**What you should do:** Within the listing below, determine how many lines hold the word "thesis". Give the number with no commentary.

——————

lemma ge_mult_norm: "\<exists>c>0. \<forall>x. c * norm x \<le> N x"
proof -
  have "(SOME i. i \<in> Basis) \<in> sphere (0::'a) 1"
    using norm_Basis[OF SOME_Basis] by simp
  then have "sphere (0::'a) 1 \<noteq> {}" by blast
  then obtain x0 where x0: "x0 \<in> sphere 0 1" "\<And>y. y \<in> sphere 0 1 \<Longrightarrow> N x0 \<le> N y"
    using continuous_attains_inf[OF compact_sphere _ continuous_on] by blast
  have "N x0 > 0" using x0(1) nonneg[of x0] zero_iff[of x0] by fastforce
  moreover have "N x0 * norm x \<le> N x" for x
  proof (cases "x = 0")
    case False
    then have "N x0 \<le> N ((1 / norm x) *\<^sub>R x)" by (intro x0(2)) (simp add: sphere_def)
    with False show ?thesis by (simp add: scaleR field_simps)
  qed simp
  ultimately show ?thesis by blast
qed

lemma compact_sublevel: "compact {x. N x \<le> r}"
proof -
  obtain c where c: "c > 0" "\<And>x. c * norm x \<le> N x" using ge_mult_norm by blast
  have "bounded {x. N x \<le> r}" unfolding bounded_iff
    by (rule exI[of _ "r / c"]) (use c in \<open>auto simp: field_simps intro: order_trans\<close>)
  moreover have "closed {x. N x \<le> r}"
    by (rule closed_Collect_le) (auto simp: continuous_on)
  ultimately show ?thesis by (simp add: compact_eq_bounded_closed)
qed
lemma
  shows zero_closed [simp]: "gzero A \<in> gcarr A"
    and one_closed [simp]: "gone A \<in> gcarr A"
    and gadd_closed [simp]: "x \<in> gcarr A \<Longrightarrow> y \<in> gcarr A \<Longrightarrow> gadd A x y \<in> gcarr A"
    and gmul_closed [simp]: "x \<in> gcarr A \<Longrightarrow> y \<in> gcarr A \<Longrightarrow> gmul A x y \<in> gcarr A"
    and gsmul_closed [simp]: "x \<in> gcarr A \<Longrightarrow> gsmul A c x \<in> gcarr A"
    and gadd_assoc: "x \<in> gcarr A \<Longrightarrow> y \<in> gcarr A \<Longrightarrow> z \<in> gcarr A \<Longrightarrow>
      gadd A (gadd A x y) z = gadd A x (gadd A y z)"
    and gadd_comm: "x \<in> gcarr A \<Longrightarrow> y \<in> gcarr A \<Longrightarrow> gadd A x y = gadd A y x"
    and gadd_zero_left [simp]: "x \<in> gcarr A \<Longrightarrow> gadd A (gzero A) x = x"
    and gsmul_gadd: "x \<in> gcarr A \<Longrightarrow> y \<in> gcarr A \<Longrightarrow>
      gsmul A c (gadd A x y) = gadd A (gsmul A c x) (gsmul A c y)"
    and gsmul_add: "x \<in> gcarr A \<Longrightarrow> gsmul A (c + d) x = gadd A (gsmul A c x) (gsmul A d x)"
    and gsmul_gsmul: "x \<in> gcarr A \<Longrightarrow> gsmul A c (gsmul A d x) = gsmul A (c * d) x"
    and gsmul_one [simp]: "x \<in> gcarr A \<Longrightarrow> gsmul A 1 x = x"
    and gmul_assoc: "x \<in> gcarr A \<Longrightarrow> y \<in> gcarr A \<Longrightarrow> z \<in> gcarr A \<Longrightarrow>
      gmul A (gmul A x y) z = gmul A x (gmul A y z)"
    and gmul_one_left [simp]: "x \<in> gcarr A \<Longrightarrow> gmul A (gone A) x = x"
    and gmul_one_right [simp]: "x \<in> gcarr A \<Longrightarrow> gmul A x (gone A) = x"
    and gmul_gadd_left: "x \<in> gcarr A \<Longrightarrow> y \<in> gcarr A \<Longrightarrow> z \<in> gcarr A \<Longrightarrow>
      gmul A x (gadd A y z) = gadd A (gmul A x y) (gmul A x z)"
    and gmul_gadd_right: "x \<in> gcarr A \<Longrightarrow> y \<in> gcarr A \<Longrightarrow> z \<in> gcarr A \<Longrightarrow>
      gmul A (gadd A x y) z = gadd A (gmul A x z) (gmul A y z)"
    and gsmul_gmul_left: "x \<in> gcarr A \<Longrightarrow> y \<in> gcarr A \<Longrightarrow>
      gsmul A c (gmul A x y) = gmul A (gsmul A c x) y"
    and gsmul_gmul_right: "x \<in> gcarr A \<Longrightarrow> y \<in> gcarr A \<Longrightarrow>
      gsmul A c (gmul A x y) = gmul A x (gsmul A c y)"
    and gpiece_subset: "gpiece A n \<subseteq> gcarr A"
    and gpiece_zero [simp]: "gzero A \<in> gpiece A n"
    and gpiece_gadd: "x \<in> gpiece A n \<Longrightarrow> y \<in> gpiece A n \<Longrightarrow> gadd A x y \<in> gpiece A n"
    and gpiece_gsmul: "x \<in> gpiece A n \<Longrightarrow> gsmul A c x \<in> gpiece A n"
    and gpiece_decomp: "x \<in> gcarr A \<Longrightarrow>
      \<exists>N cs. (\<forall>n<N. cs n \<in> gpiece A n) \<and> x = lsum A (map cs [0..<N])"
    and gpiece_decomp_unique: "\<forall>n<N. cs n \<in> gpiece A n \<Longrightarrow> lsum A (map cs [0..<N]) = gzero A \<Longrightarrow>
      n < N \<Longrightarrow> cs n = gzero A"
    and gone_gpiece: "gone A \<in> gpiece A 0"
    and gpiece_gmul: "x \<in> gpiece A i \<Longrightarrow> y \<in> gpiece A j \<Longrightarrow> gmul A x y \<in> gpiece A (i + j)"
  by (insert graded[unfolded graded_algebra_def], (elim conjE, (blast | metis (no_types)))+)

——————

**Response box:** 3